• WHAT IS NEEDED: For the data below, report how many lines contain the string "equation" and write nothing more.

• RECORDED INFORMATION:
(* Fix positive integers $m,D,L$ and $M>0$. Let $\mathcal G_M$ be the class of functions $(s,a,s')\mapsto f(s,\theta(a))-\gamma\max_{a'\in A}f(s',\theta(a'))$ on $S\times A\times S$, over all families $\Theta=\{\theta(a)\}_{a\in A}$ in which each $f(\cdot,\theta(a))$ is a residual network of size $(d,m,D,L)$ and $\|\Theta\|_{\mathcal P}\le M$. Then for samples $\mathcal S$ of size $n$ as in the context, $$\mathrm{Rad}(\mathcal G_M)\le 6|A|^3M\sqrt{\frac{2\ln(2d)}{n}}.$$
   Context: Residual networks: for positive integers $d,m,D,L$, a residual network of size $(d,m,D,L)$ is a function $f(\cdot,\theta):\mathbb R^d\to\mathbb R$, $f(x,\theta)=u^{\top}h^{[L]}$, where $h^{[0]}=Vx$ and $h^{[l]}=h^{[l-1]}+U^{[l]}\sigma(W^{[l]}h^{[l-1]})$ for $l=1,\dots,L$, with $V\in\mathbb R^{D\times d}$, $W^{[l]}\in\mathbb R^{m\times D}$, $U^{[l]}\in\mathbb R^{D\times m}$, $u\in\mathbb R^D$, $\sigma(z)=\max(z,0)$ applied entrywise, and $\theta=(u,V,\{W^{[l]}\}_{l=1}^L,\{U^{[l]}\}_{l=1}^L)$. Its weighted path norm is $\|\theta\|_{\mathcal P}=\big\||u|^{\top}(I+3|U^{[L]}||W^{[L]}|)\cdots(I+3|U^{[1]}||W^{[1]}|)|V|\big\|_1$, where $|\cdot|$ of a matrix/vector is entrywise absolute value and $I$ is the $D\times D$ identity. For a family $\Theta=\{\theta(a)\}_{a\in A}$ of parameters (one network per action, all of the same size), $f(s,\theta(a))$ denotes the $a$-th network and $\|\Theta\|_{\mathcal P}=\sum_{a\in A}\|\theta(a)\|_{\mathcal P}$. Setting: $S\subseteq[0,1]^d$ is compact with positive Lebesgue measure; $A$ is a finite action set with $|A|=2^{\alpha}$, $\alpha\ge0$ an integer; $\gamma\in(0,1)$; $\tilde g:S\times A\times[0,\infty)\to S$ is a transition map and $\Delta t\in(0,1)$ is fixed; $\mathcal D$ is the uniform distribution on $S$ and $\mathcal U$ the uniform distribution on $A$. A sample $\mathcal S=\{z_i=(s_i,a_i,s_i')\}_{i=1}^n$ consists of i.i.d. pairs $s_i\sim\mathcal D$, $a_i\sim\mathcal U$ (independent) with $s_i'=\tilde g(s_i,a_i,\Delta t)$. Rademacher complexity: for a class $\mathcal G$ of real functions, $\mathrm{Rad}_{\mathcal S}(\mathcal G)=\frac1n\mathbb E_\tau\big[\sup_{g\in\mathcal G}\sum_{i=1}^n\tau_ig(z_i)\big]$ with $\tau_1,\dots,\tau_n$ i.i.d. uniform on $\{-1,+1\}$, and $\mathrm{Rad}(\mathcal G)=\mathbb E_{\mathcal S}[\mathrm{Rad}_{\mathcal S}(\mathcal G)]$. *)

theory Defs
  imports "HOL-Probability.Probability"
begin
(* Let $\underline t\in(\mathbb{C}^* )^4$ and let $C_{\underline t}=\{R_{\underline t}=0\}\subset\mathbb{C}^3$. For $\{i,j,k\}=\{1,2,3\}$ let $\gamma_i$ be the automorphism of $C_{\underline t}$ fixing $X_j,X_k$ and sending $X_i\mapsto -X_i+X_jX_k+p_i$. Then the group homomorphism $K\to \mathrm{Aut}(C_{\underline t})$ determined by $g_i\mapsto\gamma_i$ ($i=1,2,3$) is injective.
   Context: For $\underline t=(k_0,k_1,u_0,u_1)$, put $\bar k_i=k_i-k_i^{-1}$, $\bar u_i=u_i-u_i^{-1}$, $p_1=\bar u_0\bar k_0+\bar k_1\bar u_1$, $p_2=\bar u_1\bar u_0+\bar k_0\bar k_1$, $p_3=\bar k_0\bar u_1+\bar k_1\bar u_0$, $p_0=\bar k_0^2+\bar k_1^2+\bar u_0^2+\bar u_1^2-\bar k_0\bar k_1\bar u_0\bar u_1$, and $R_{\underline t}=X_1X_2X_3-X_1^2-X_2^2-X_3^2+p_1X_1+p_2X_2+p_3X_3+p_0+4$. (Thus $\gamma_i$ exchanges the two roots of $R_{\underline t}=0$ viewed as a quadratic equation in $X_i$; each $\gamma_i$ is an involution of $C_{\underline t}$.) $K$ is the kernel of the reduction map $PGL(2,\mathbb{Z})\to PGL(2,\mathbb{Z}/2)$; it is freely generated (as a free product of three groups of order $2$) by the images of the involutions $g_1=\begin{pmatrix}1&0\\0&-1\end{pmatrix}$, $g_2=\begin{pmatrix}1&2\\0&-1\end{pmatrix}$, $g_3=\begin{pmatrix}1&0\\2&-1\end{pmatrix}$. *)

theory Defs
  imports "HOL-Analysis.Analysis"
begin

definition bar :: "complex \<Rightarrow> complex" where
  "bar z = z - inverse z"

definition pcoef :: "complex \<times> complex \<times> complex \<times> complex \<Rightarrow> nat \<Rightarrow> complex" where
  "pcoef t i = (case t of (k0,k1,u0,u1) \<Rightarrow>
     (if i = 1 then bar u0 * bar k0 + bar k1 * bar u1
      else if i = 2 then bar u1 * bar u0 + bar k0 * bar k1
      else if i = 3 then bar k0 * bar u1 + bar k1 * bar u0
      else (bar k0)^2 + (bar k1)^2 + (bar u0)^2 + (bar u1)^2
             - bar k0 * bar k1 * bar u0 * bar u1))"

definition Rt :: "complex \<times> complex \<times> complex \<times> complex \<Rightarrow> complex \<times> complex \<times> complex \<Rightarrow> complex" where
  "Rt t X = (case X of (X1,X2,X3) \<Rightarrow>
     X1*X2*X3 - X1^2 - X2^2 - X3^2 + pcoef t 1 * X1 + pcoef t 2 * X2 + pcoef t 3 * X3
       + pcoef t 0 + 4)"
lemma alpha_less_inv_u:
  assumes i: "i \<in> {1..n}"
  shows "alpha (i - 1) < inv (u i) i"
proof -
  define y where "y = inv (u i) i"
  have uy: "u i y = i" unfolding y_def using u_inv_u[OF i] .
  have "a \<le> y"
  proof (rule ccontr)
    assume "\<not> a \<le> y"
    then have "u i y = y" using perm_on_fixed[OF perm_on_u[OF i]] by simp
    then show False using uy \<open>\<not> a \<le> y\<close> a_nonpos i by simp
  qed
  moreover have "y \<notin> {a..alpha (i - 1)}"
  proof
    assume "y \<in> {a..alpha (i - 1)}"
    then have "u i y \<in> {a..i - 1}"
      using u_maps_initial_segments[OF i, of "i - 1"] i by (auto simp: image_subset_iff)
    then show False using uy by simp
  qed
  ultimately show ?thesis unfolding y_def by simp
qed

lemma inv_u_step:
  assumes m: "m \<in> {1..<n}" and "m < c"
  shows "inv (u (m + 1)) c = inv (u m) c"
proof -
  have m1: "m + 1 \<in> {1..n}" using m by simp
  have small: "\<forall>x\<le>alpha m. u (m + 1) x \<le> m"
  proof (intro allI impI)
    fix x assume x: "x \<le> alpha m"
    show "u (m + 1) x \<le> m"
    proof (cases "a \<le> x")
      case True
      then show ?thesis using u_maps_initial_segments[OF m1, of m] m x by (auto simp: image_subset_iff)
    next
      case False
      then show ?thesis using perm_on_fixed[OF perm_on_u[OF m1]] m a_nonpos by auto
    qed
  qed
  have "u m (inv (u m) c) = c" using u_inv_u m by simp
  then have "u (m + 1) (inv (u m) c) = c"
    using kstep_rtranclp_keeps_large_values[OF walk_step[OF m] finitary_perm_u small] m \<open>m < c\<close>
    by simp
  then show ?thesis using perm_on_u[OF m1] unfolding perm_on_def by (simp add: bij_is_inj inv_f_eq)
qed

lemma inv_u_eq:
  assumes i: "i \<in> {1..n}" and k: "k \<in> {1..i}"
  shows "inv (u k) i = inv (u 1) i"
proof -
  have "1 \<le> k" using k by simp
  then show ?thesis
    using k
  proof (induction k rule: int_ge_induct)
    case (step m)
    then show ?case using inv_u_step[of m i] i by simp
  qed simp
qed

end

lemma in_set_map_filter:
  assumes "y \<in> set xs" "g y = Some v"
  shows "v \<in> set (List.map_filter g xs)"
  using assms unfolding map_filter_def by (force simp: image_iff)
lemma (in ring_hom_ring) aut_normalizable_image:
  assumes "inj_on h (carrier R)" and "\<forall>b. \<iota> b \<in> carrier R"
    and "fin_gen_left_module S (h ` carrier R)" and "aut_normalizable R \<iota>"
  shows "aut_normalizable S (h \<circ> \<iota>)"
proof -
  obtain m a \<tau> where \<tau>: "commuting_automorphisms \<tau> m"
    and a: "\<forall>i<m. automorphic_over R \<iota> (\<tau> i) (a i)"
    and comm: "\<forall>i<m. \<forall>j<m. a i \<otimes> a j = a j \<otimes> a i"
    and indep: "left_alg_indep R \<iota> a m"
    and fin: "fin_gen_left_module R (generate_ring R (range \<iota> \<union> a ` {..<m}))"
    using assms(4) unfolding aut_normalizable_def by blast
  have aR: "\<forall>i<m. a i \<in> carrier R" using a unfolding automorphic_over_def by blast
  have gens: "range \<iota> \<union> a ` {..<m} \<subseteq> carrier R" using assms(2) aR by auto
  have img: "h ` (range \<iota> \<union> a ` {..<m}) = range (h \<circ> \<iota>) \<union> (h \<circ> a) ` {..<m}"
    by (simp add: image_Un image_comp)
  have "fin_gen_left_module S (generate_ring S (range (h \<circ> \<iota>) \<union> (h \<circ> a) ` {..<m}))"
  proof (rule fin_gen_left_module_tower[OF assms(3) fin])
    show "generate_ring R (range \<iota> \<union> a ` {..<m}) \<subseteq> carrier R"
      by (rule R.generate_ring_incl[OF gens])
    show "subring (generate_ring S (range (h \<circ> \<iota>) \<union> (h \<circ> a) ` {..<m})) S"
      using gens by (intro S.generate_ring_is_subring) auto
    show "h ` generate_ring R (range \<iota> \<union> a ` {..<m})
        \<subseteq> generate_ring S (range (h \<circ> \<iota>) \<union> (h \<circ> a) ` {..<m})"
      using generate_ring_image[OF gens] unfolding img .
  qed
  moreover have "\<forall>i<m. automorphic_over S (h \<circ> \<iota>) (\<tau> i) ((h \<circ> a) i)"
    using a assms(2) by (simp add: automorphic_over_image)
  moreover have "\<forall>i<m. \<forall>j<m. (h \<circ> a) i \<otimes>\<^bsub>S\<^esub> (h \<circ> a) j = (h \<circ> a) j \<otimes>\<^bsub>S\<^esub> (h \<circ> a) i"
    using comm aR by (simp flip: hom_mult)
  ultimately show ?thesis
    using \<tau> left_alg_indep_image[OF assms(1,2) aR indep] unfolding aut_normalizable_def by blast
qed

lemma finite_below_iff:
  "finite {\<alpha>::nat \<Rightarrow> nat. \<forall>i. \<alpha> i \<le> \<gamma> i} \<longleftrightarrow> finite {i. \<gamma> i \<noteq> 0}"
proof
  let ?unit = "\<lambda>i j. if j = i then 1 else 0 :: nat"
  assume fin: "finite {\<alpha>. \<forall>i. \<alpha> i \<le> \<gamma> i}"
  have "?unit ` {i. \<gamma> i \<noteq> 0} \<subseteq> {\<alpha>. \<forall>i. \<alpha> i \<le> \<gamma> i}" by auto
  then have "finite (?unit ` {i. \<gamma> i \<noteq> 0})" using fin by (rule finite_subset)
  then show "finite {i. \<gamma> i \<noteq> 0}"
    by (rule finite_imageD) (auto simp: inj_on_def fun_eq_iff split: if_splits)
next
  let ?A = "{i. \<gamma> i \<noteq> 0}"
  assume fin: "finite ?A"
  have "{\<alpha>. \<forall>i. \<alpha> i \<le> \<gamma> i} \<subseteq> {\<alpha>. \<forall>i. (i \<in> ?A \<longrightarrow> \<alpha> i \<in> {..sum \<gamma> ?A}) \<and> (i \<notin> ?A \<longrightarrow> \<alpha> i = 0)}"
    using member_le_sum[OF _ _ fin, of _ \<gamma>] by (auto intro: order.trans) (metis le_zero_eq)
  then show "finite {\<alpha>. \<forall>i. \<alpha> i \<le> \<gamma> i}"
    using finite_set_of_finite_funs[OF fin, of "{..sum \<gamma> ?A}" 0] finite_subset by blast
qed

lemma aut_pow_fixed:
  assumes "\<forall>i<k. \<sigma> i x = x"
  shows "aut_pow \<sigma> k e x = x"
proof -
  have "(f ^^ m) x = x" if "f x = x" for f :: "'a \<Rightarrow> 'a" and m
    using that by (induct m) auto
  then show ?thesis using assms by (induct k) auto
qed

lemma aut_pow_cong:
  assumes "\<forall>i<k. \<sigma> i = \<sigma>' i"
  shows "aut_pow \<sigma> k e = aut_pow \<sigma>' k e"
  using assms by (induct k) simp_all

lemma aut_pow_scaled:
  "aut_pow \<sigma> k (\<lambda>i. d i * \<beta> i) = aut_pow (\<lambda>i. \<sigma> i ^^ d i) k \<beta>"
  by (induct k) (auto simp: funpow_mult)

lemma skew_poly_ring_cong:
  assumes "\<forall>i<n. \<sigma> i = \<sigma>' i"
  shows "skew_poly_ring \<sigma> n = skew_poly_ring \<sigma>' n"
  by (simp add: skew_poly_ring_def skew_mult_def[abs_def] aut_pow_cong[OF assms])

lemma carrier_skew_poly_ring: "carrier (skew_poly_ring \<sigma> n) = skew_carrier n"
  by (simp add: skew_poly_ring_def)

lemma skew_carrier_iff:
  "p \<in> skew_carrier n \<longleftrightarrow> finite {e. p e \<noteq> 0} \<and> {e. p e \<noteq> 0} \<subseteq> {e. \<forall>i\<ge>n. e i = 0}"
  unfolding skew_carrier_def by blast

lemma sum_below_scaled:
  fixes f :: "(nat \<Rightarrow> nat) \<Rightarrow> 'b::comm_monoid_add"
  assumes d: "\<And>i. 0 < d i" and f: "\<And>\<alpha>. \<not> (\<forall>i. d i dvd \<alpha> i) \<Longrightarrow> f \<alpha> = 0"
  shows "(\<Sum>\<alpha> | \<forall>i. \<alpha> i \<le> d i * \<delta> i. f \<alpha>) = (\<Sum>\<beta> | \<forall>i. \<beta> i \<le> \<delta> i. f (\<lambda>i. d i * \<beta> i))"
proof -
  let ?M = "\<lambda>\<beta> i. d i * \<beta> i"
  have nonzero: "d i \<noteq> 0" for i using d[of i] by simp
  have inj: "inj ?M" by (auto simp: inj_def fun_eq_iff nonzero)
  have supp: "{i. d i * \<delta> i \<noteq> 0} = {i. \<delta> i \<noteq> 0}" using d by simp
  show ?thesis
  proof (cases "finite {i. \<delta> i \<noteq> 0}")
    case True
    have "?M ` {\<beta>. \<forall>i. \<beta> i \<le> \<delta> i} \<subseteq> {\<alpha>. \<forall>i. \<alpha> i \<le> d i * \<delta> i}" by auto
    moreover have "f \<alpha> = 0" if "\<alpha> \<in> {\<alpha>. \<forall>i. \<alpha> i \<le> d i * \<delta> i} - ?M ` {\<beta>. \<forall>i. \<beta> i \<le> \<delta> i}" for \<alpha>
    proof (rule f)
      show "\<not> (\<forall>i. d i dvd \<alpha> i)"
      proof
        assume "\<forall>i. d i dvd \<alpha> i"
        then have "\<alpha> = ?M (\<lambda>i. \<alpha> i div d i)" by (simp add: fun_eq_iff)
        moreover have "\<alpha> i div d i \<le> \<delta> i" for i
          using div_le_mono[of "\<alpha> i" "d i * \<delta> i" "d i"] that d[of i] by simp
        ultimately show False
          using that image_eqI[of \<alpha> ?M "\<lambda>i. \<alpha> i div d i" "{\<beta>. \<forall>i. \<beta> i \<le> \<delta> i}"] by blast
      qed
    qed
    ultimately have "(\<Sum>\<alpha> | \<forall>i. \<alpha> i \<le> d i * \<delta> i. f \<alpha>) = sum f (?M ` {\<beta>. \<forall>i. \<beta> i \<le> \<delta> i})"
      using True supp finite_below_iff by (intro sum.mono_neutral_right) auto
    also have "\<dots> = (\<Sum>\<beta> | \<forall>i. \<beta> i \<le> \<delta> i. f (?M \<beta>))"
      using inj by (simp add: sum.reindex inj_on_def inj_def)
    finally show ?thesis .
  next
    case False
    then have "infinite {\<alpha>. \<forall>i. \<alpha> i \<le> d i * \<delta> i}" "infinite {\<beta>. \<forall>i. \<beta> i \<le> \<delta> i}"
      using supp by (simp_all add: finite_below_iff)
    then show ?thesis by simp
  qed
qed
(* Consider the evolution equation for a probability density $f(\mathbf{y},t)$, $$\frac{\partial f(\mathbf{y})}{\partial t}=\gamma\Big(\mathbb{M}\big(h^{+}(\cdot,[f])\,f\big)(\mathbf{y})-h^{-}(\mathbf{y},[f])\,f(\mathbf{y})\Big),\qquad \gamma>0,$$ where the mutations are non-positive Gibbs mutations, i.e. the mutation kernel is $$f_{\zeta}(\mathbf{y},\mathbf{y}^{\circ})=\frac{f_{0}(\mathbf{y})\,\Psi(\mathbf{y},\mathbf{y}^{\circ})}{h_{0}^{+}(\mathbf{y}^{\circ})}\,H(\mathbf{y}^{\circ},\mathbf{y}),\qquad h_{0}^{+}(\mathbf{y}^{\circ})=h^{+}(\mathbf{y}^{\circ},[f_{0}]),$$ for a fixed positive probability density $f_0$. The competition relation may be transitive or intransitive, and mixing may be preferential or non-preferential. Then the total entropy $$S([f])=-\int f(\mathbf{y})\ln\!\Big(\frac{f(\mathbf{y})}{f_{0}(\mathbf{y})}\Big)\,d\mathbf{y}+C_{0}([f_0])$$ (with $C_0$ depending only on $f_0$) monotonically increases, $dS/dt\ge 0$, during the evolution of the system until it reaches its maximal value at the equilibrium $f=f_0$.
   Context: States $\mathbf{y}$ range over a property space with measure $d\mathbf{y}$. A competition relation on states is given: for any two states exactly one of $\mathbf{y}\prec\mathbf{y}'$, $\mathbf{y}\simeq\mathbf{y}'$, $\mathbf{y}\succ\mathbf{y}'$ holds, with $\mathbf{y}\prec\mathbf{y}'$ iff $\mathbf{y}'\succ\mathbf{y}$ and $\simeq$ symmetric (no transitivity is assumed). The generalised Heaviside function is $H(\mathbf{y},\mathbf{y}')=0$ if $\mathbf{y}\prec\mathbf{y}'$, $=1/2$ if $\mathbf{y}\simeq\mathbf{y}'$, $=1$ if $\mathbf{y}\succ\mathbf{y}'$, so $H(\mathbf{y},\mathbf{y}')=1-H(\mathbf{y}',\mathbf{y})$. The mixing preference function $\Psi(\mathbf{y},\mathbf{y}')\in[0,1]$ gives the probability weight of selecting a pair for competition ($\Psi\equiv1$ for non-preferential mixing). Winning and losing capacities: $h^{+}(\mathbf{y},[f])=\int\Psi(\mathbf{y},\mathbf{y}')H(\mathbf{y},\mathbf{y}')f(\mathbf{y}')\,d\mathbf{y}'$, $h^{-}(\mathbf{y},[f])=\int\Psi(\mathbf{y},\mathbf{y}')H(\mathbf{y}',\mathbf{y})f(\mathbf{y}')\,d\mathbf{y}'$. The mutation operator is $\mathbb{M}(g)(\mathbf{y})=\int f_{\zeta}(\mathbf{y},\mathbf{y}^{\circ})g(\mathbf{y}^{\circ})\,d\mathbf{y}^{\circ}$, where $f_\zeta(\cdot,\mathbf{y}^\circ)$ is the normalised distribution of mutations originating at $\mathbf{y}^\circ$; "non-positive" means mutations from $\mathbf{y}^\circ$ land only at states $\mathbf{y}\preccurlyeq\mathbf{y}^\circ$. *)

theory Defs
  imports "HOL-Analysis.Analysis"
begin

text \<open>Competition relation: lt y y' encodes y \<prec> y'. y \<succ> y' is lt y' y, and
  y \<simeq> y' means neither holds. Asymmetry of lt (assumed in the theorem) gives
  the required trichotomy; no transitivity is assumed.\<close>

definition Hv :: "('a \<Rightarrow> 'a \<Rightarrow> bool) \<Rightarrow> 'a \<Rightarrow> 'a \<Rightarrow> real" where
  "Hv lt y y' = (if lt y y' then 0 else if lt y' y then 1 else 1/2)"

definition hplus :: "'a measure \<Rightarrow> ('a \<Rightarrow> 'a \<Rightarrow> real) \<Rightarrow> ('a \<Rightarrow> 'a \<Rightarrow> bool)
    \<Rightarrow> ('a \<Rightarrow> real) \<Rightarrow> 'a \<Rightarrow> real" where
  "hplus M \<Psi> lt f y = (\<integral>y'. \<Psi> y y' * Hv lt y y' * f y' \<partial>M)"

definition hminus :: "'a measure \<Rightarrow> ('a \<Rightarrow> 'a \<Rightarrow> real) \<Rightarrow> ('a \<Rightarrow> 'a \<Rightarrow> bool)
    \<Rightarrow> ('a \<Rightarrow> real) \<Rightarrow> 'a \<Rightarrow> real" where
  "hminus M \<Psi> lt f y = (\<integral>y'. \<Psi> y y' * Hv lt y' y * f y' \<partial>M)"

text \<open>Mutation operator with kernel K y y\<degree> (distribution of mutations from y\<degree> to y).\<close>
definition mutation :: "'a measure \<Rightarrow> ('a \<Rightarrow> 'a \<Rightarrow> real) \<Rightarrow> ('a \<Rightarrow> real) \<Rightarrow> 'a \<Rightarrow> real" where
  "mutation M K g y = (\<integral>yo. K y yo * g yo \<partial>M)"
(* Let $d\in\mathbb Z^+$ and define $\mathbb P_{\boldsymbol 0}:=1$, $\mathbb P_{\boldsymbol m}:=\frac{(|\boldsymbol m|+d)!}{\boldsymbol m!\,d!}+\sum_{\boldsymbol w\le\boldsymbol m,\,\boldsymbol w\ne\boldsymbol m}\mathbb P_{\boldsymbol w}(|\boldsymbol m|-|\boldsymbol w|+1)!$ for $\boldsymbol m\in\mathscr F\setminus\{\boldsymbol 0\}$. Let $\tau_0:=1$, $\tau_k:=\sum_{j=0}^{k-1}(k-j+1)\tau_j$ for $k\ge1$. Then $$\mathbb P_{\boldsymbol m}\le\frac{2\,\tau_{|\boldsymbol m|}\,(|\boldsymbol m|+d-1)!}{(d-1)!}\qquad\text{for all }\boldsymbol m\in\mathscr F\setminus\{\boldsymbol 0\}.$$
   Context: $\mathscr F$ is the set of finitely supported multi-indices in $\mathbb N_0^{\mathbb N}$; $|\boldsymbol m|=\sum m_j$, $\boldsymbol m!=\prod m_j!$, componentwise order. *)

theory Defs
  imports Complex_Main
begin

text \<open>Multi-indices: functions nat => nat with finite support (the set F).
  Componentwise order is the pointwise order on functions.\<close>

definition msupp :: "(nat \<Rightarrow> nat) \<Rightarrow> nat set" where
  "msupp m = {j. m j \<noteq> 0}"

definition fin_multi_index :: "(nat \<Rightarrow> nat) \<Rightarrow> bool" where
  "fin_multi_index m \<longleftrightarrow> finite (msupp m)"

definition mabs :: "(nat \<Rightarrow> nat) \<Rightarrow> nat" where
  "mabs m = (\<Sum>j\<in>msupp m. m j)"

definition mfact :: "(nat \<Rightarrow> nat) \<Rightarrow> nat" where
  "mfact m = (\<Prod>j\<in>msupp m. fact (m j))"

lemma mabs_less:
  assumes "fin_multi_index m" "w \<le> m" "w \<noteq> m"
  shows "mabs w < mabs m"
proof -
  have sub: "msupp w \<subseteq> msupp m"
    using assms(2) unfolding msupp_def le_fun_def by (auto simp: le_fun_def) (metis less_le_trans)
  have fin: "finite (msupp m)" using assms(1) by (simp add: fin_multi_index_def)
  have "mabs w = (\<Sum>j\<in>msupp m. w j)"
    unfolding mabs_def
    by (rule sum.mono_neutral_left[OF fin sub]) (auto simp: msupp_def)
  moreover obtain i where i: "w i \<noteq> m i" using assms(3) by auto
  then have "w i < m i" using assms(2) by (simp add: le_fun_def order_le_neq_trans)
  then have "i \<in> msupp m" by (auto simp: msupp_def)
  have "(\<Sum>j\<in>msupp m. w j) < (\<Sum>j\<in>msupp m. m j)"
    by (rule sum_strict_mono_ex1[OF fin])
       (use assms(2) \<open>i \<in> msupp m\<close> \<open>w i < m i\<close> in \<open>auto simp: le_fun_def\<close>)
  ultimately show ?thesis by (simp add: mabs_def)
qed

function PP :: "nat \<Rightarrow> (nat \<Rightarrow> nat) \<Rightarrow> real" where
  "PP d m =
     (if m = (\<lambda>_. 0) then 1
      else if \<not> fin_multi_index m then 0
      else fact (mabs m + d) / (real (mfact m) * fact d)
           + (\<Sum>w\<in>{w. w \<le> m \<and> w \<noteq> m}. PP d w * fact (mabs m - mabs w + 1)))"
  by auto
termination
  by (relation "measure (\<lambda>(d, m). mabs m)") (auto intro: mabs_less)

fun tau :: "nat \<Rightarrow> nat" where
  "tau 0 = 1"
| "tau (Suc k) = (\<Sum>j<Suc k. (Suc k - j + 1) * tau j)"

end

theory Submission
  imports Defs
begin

• ANSWER AREA: 2